Intended for use in parsers only. See Tomas
Kalibera’s blog post for more details.S3method() directives in NAMESPACE can now
also be used to perform delayed S3 method registration. Again,
see Kurt
Hornik’s blog post for more details.See https://CRAN.R-project.org/doc/manuals/r-devel/NEWS.3.html for all changes in the R 3.y.z releases. Overall, there are 233 news entries for the 3.6.z releases, including 2 significant user-visible changes, 75 new features and 106 bug fixes.
From the source code Subversion repository, changes between April 27, 2019 and April 24, 2020, so the overall code change between R 3.6.0 and R 4.0.0 was: over 24,000 added lines, 12,000 deleted lines and 900 changed files. This is rounded to thousands/hundreds and excludes changes to common generated files, partially generated files, bulk re-organizations, etc. (translations, parsers, autoconf, LAPACK, R Journal bibliography, test outputs).
Figure 1 shows commits by month and weekday, respectively, counting line-based changes in individual commits, excluding the files as above. A noticeable increase of activity is in March, so right before code freeze for the release. A secondary peak of the number of commits can be observed in August. The low amount of changes in July 2019 may be due to conferences and vacations.

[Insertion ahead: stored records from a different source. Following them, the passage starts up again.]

(* Let $0<\alpha_1,\alpha_2\leq 1$ and $\theta=\frac{\alpha_2-\alpha_1}{\alpha_2+\alpha_1}$. Let $f(z)=z+\sum_{n=2}^\infty a_nz^n$ belong to $\mathcal{S}^*_t(\alpha_1,\alpha_2)$. Then $|a_2|\leq(\alpha_1+\alpha_2)\cos\frac{\theta}{2}$, and for $n=3,4,\ldots$, $$|a_n|\leq\frac{\alpha_1+\alpha_2}{n-1}\cos\frac{\theta}{2}\prod_{k=2}^{n-1}\left(1+\frac{\alpha_1+\alpha_2}{k-1}\cos\frac{\theta}{2}\right).$$
   Context: $\Delta=\{z\in\mathbb{C}:|z|<1\}$. $\mathcal{S}^*_t(\alpha_1,\alpha_2)$ denotes the class of functions $f$ analytic in $\Delta$ with $f(0)=0=f'(0)-1$ satisfying $-\frac{\pi\alpha_1}{2}<\arg\left\{\frac{zf'(z)}{f(z)}\right\}<\frac{\pi\alpha_2}{2}$ for all $z\in\Delta$. *)

theory Defs
  imports "HOL-Complex_Analysis.Complex_Analysis"
begin

text \<open>The class S*_t(alpha1, alpha2): f analytic in the unit disc, f 0 = 0, f'(0) = 1,
  and for all z in the disc, arg (z f'(z)/f(z)) lies strictly between -pi alpha1/2 and pi alpha2/2.
  At z = 0 the quotient is understood by its limit value 1 (arg 1 = 0), which always satisfies
  the condition; for z \<noteq> 0 the expression must be defined, i.e. f z \<noteq> 0, and its
  argument must exist, i.e. the quotient is nonzero.\<close>
definition strongly_starlike_t :: "real \<Rightarrow> real \<Rightarrow> (complex \<Rightarrow> complex) set" where
  "strongly_starlike_t a1 a2 = {f. f holomorphic_on ball 0 1 \<and> f 0 = 0 \<and> deriv f 0 = 1 \<and>
     (\<forall>z\<in>ball 0 1. z \<noteq> 0 \<longrightarrow>
        f z \<noteq> 0 \<and> z * deriv f z / f z \<noteq> 0 \<and>
        - (pi * a1 / 2) < Arg (z * deriv f z / f z) \<and> Arg (z * deriv f z / f z) < pi * a2 / 2)}"
lemma dual_restrict_in_dual_ball:
  assumes f: "f \<in> dual_ball UNIV" and Y: "subspace Y"
  shows "dual_restrict Y f \<in> dual_ball Y"
proof -
  have bl: "bounded_linear f" and "dnorm UNIV f \<le> 1" using f dual_ball_UNIV_iff by blast+
  interpret bounded_linear f by (fact bl)
  obtain K where "\<And>x. norm (f x) \<le> norm x * K" using bounded by blast
  then have "dual_restrict Y f \<in> dual_sp Y"
    unfolding dual_sp_def dual_restrict_def
    using add scale subspace_add[OF Y] subspace_scale[OF Y] by (auto simp: mult.commute)
  moreover have "dnorm Y f \<le> dnorm UNIV f" using dnorm_mono[OF bl subspace_0[OF Y]] by simp
  ultimately show ?thesis
    unfolding dual_ball_def using \<open>dnorm UNIV f \<le> 1\<close> by (simp add: dnorm_dual_restrict)
qed

lemma openin_weak_star_evaluation: "x \<in> S \<Longrightarrow> open A \<Longrightarrow> openin (weak_star S) {g. g x \<in> A}"
  unfolding weak_star_def by (rule topology_generated_by_Basis) blast

lemma openin_weak_star_dual_restrict:
  assumes "openin (weak_star Y) U"
  shows "openin (weak_star UNIV) {\<psi>. dual_restrict Y \<psi> \<in> U}"
proof -
  have "generate_topology_on {{g. g x \<in> A} | x A. x \<in> Y \<and> open A} U"
    using assms unfolding weak_star_def openin_topology_generated_by_iff .
  then have "generate_topology_on {{g. g x \<in> A} | x A. x \<in> UNIV \<and> open A} {\<psi>. dual_restrict Y \<psi> \<in> U}"
  proof (induction rule: generate_topology_on.induct)
    case Empty
    then show ?case by (simp add: generate_topology_on.Empty)
  next
    case (Int a b)
    have "{\<psi>. dual_restrict Y \<psi> \<in> a \<inter> b} = {\<psi>. dual_restrict Y \<psi> \<in> a} \<inter> {\<psi>. dual_restrict Y \<psi> \<in> b}"
      by blast
    then show ?case using Int by (simp add: generate_topology_on.Int)
  next
    case (UN K)
    have "{\<psi>. dual_restrict Y \<psi> \<in> \<Union>K} = (\<Union>k\<in>K. {\<psi>. dual_restrict Y \<psi> \<in> k})" by blast
    then show ?case using UN by (auto intro!: generate_topology_on.UN)
  next
    case (Basis s)
    then obtain x A where xA: "s = {g. g x \<in> A}" "x \<in> Y" "open A" by blast
    then have "{\<psi>. dual_restrict Y \<psi> \<in> s} = {g. g x \<in> A}" by (simp add: dual_restrict_def)
    then show ?case using xA by (auto intro!: generate_topology_on.Basis)
  qed
  then show ?thesis unfolding weak_star_def openin_topology_generated_by_iff .
qed

section \<open>Szlenk derivations and the ordinals \<omega>^\<alpha>\<close>

lemma szlenk_deriv_subset: "szlenk_deriv S \<epsilon> K \<subseteq> K"
  unfolding szlenk_deriv_def by blast

lemma szlenk_deriv_mono: "K \<subseteq> K' \<Longrightarrow> szlenk_deriv S \<epsilon> K \<subseteq> szlenk_deriv S \<epsilon> K'"
  unfolding szlenk_deriv_def by blast

definition exhausting_szlenk_derivation ::
    "'a::real_normed_vector set \<Rightarrow> real \<Rightarrow> ('a \<Rightarrow> real) set \<Rightarrow> 'b rel \<Rightarrow> ('b \<Rightarrow> ('a \<Rightarrow> real) set) \<Rightarrow> bool"
  where "exhausting_szlenk_derivation S \<epsilon> K r D \<longleftrightarrow>
    (\<forall>a\<in>Field r. D a = K \<inter> (\<Inter>b\<in>{b. (b, a) \<in> r \<and> b \<noteq> a}. szlenk_deriv S \<epsilon> (D b)))
    \<and> K \<inter> (\<Inter>b\<in>Field r. szlenk_deriv S \<epsilon> (D b)) = {}"

lemma szlenk_iter_empty_iff: "szlenk_iter_empty S \<epsilon> K r \<longleftrightarrow> (\<exists>D. exhausting_szlenk_derivation S \<epsilon> K r D)"
  unfolding szlenk_iter_empty_def exhausting_szlenk_derivation_def ..

text \<open>The recursion defining the derived sets is monotone, so its least fixed point exists and
  lies below every prefixed family; no well-foundedness of r is needed.\<close>

lemma szlenk_iter_emptyI:
  fixes r :: "'b rel" and E :: "'b \<Rightarrow> ('a::real_normed_vector \<Rightarrow> real) set"
  assumes prefixed: "\<And>a. a \<in> Field r \<Longrightarrow>
      K \<inter> (\<Inter>b\<in>{b. (b, a) \<in> r \<and> b \<noteq> a}. szlenk_deriv S \<epsilon> (E b)) \<subseteq> E a"
    and final: "K \<inter> (\<Inter>b\<in>Field r. szlenk_deriv S \<epsilon> (E b)) = {}"
  shows "szlenk_iter_empty S \<epsilon> K r"
proof -
  define step where "step D = (\<lambda>a. K \<inter> (\<Inter>b\<in>{b. (b, a) \<in> r \<and> b \<noteq> a}. szlenk_deriv S \<epsilon> (D b)))"
    for D :: "'b \<Rightarrow> ('a \<Rightarrow> real) set"
  have "mono step"
  proof (rule monoI)
    fix D D' :: "'b \<Rightarrow> ('a \<Rightarrow> real) set" assume "D \<le> D'"
    then have "szlenk_deriv S \<epsilon> (D b) \<subseteq> szlenk_deriv S \<epsilon> (D' b)" for b
      by (simp add: le_fun_def szlenk_deriv_mono)
    then show "step D \<le> step D'" unfolding step_def le_fun_def by blast
  qed
  define E' where "E' a = (if a \<in> Field r then E a else K)" for a
  have "step E' \<le> E'"
  proof (rule le_funI)
    fix a
    show "step E' a \<subseteq> E' a"
    proof (cases "a \<in> Field r")
      case True
      have "E' b = E b" if "(b, a) \<in> r" for b unfolding E'_def using that by (auto intro: FieldI1)
      then have "step E' a = step E a" unfolding step_def by auto
      then show ?thesis using prefixed[OF True] True unfolding E'_def step_def by simp
    qed (simp add: step_def E'_def)
  qed
  then have "lfp step \<le> E'" by (rule lfp_lowerbound)
  then have "szlenk_deriv S \<epsilon> (lfp step b) \<subseteq> szlenk_deriv S \<epsilon> (E b)" if "b \<in> Field r" for b
    using that by (simp add: le_fun_def szlenk_deriv_mono E'_def split: if_splits)
  then have "K \<inter> (\<Inter>b\<in>Field r. szlenk_deriv S \<epsilon> (lfp step b)) = {}" using final by blast
  moreover have "lfp step a = step (lfp step) a" for a using lfp_unfold[OF \<open>mono step\<close>] by simp
  ultimately show ?thesis unfolding szlenk_iter_empty_def step_def by blast
qed

lemma omega_pow_iff:
  "(f, g) \<in> omega_pow r \<longleftrightarrow> (\<forall>x. x \<notin> Field r \<longrightarrow> f x = 0 \<and> g x = 0)
       \<and> finite {x. f x \<noteq> 0} \<and> finite {x. g x \<noteq> 0}
       \<and> (f = g \<or> (\<exists>x. f x < g x \<and> (\<forall>y. (x, y) \<in> r \<and> y \<noteq> x \<longrightarrow> f y = g y)))"
  unfolding omega_pow_def by (simp only: mem_Collect_eq case_prod_conv)

lemma Field_omega_pow:
  "f \<in> Field (omega_pow r) \<longleftrightarrow> (\<forall>x. x \<notin> Field r \<longrightarrow> f x = 0) \<and> finite {x. f x \<noteq> 0}"
proof
  assume "f \<in> Field (omega_pow r)"
  then obtain g where "(f, g) \<in> omega_pow r \<or> (g, f) \<in> omega_pow r" unfolding Field_def by blast
  then have "(\<forall>x. x \<notin> Field r \<longrightarrow> f x = 0 \<and> g x = 0) \<and> finite {x. f x \<noteq> 0}"
    unfolding omega_pow_iff by (elim disjE conjE) (simp_all add: conj_commute)
  then show "(\<forall>x. x \<notin> Field r \<longrightarrow> f x = 0) \<and> finite {x. f x \<noteq> 0}" by simp
next
  assume "(\<forall>x. x \<notin> Field r \<longrightarrow> f x = 0) \<and> finite {x. f x \<noteq> 0}"
  then have "(f, f) \<in> omega_pow r" unfolding omega_pow_iff by blast
  then show "f \<in> Field (omega_pow r)" by (rule FieldI1)
qed

lemma omega_pow_lessI:
  assumes "f \<in> Field (omega_pow r)" "g \<in> Field (omega_pow r)"
    and "f x < g x" "\<And>y. (x, y) \<in> r \<Longrightarrow> y \<noteq> x \<Longrightarrow> f y = g y"
  shows "(f, g) \<in> omega_pow r" "f \<noteq> g"
proof -
  have "(\<forall>x. x \<notin> Field r \<longrightarrow> f x = 0) \<and> finite {x. f x \<noteq> 0}"
    "(\<forall>x. x \<notin> Field r \<longrightarrow> g x = 0) \<and> finite {x. g x \<noteq> 0}"
    using assms(1,2) unfolding Field_omega_pow by blast+
  then show "(f, g) \<in> omega_pow r" unfolding omega_pow_iff using assms(3,4) by blast
  show "f \<noteq> g" using assms(3) by auto
qed

lemma Field_ord_succ: "Field (ord_succ r) = insert None (Some ` Field r)"
  unfolding ord_succ_def Field_def by blast

lemma ord_succ_above_None: "(None, y) \<in> ord_succ r \<Longrightarrow> y = None"
  unfolding ord_succ_def by blast

lemma ord_succ_above_Some: "(Some a, y) \<in> ord_succ r \<Longrightarrow> y = None \<or> (\<exists>b. y = Some b \<and> (a, b) \<in> r)"
  unfolding ord_succ_def by blast

text \<open>with_top n g encodes the ordinal \<omega>^\<alpha>\<cdot>n + g of \<omega>^(\<alpha>+1) = \<omega>^\<alpha>\<cdot>\<omega>.\<close>

definition with_top :: "nat \<Rightarrow> ('b \<Rightarrow> nat) \<Rightarrow> 'b option \<Rightarrow> nat" where
  "with_top n g x = (case x of None \<Rightarrow> n | Some b \<Rightarrow> g b)"

lemma with_top_None [simp]: "with_top n g None = n"
  and with_top_Some [simp]: "with_top n g (Some b) = g b"
  by (simp_all add: with_top_def)

lemma with_top_split: "with_top (f None) (\<lambda>b. f (Some b)) = f"
  by (rule ext) (simp add: with_top_def split: option.split)

lemma with_top_in_Field:
  assumes "g \<in> Field (omega_pow r)"
  shows "with_top n g \<in> Field (omega_pow (ord_succ r))"
proof -
  have "{x. with_top n g x \<noteq> 0} \<subseteq> insert None (Some ` {b. g b \<noteq> 0})"
  proof
    fix x assume "x \<in> {x. with_top n g x \<noteq> 0}"
    then show "x \<in> insert None (Some ` {b. g b \<noteq> 0})" by (cases x) auto
  qed
  moreover have "with_top n g x = 0" if "x \<notin> insert None (Some ` Field r)" for x
    using that assms unfolding Field_omega_pow by (cases x) auto
  ultimately show ?thesis
    using assms unfolding Field_omega_pow Field_ord_succ by (auto intro: finite_subset)
qed

lemma Field_omega_pow_ord_succ_lower:
  assumes "f \<in> Field (omega_pow (ord_succ r))"
  shows "(\<lambda>b. f (Some b)) \<in> Field (omega_pow r)"
proof -
  have "finite (Some -` {x. f x \<noteq> 0})"
    using assms unfolding Field_omega_pow by (intro finite_vimageI) auto
  moreover have "{b. f (Some b) \<noteq> 0} = Some -` {x. f x \<noteq> 0}" by auto
  ultimately show ?thesis
    using assms unfolding Field_omega_pow Field_ord_succ by auto
qed

lemma with_top_less_top:
  assumes "g \<in> Field (omega_pow r)" "g' \<in> Field (omega_pow r)" "m < n"
  shows "(with_top m g', with_top n g) \<in> omega_pow (ord_succ r)" "with_top m g' \<noteq> with_top n g"
proof -
  have "with_top m g' y = with_top n g y" if "(None, y) \<in> ord_succ r" "y \<noteq> None" for y
    using ord_succ_above_None that by blast
  then show "(with_top m g', with_top n g) \<in> omega_pow (ord_succ r)" "with_top m g' \<noteq> with_top n g"
    using omega_pow_lessI[where x = None, OF with_top_in_Field[OF assms(2)] with_top_in_Field[OF assms(1)]]
      assms(3) by auto
qed

lemma with_top_less_lower:
  assumes "(g', g) \<in> omega_pow r" "g' \<noteq> g"
  shows "(with_top n g', with_top n g) \<in> omega_pow (ord_succ r)" "with_top n g' \<noteq> with_top n g"
proof -
  obtain x where x: "g' x < g x" "\<And>y. (x, y) \<in> r \<Longrightarrow> y \<noteq> x \<Longrightarrow> g' y = g y"
    using assms unfolding omega_pow_iff by blast
  have "g \<in> Field (omega_pow r)" "g' \<in> Field (omega_pow r)"
    using assms(1) by (auto intro: FieldI1 FieldI2)
  moreover have "with_top n g' y = with_top n g y"
    if y: "(Some x, y) \<in> ord_succ r" "y \<noteq> Some x" for y
  proof -
    consider "y = None" | b where "y = Some b" "(x, b) \<in> r" "b \<noteq> x"
      using ord_succ_above_Some[OF y(1)] y(2) by blast
    then show ?thesis by cases (simp_all add: x(2))
  qed
  ultimately show "(with_top n g', with_top n g) \<in> omega_pow (ord_succ r)" "with_top n g' \<noteq> with_top n g"
    using omega_pow_lessI[where x = "Some x", OF with_top_in_Field with_top_in_Field] x(1) by auto
qed

section \<open>Projections from the star condition\<close>

definition nearly_isometric_restrictions ::
    "'i set \<Rightarrow> ('i \<Rightarrow> 'a::real_normed_vector set) \<Rightarrow> real \<Rightarrow> real \<Rightarrow> bool"
  where "nearly_isometric_restrictions I Y q e \<longleftrightarrow>
    (\<forall>i\<in>I. \<forall>\<phi>\<in>dual_ball UNIV. \<forall>\<psi>\<in>dual_ball UNIV.
      q * dnorm UNIV \<phi> < dnorm (Y i) \<phi> \<longrightarrow> q * dnorm UNIV \<psi> < dnorm (Y i) \<psi> \<longrightarrow>
      dnorm UNIV (\<lambda>x. \<phi> x - \<psi> x) < dnorm (Y i) (\<lambda>x. \<phi> x - \<psi> x) + e)"

locale star_projections =
  fixes I :: "'i set" and Y :: "'i \<Rightarrow> 'a::real_normed_vector set"
    and P :: "'i \<Rightarrow> ('a \<Rightarrow> real) \<Rightarrow> 'a \<Rightarrow> real"
  assumes subspace_Y: "i \<in> I \<Longrightarrow> subspace (Y i)"
    and bounded_linear_P: "i \<in> I \<Longrightarrow> bounded_linear \<phi> \<Longrightarrow> bounded_linear (P i \<phi>)"
    and P_add: "i \<in> I \<Longrightarrow> bounded_linear \<phi> \<Longrightarrow> bounded_linear \<psi> \<Longrightarrow>
      P i (\<lambda>x. \<phi> x + \<psi> x) = (\<lambda>x. P i \<phi> x + P i \<psi> x)"
    and P_scale: "i \<in> I \<Longrightarrow> bounded_linear \<phi> \<Longrightarrow> P i (\<lambda>x. c * \<phi> x) = (\<lambda>x. c * P i \<phi> x)"
    and P_idem: "i \<in> I \<Longrightarrow> bounded_linear \<phi> \<Longrightarrow> P i (P i \<phi>) = P i \<phi>"
    and P_eq_0_iff: "i \<in> I \<Longrightarrow> bounded_linear \<phi> \<Longrightarrow> P i \<phi> = (\<lambda>x. 0) \<longleftrightarrow> (\<forall>y\<in>Y i. \<phi> y = 0)"
    and dnorm_P_le: "i \<in> I \<Longrightarrow> bounded_linear \<phi> \<Longrightarrow> dnorm UNIV (P i \<phi>) \<le> dnorm UNIV \<phi>"
    and P_star: "e > 0 \<Longrightarrow> \<exists>\<delta>>0. \<forall>i\<in>I. \<forall>\<phi>. bounded_linear \<phi> \<longrightarrow>
      dnorm UNIV \<phi> = 1 \<and> 2 - \<delta> < dnorm UNIV (\<lambda>x. \<phi> x + P i \<phi> x) \<longrightarrow>
      dnorm UNIV (\<lambda>x. \<phi> x - P i \<phi> x) < e"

Changes between April 23, 2018 and April 26, 2019, so the overall code change between R 3.5.0 and R 3.6.0 was: nearly 27,000 added lines, over 17,000 deleted lines and nearly 800 changed files. This is again rounded to thousands/hundreds and excludes changes to common generated files.
Figure 2 again shows large changes in March before code freeze and in August, and decreased activity in July during R conferences and usual vacations. The right panel suggests that R Core members work a lot even during the weekends and it was even more so when working on R 3.6.0 than on R 4.0.0 (compare Saturday and Wednesday).
Summaries of bug-related activities during the development of R 4.0.0 (from April 27, 2019 to April 24, 2020) were derived from the database underlying R’s Bugzilla system. Figure 3 shows statistics of reported/closed bugs and number of added comments (on any bug report) by calendar month and weekday, respectively.
Comments are added by reporters of the bugs, R Core members and external volunteers. When a bug report is closed, the bug is either fixed or the report is found invalid. In principle, this can happen multiple times for a single report, but those cases are rare. Hence the number of comments is a measure of effort (yet a coarse one which does not distinguish thorough analyses from one-liners) and the number of bug closures is a measure of success in dealing with bugs.
The numbers were impacted by an increase in external contributions to analyzing bugs following a blog post of Tomas Kalibera and Luke Tierney, published October 9, 2019, asking the R community for help, and to contribute those analyzes in the form of comments to R bug reports. There was a considerable increase of comments in October which has lasted (at least) until April. Note that the April numbers don’t cover a full month and are mostly from the 24 days of R 4.0 development in 2020, so after the blog post (4 days are from April 2019). The rate of closing bugs has increased as well since October. What the numbers don’t show is that this is also due to increased activity of R Core that followed increased input from external volunteers. The numbers also seem to suggest that even new bug reports are submitted at a higher rate once more external volunteers focus on analyzing bugs in R.
From the numbers by weekday in the right panel of Figure 3 we again see that the R community keeps working during the weekends.
Figure 4 summarizes bug tracking activities during the development of R 3.6.0 (from April 23, 2018 to April 26, 2019). The decline observed in coding activity in July does not exist in bug-related activities; the number of closed bugs actually peaked in July.
Tomas Kalibera’s work on the article and R development has received funding from the Czech Ministry of Education, Youth and Sports from the Czech Operational Programme Research, Development, and Education, under grant agreement No.CZ.02.1.01/0.0/0.0/15_003/0000421, and the European Research Council (ERC) under the European Union’s Horizon 2020 research and innovation programme, under grant agreement No. 695412.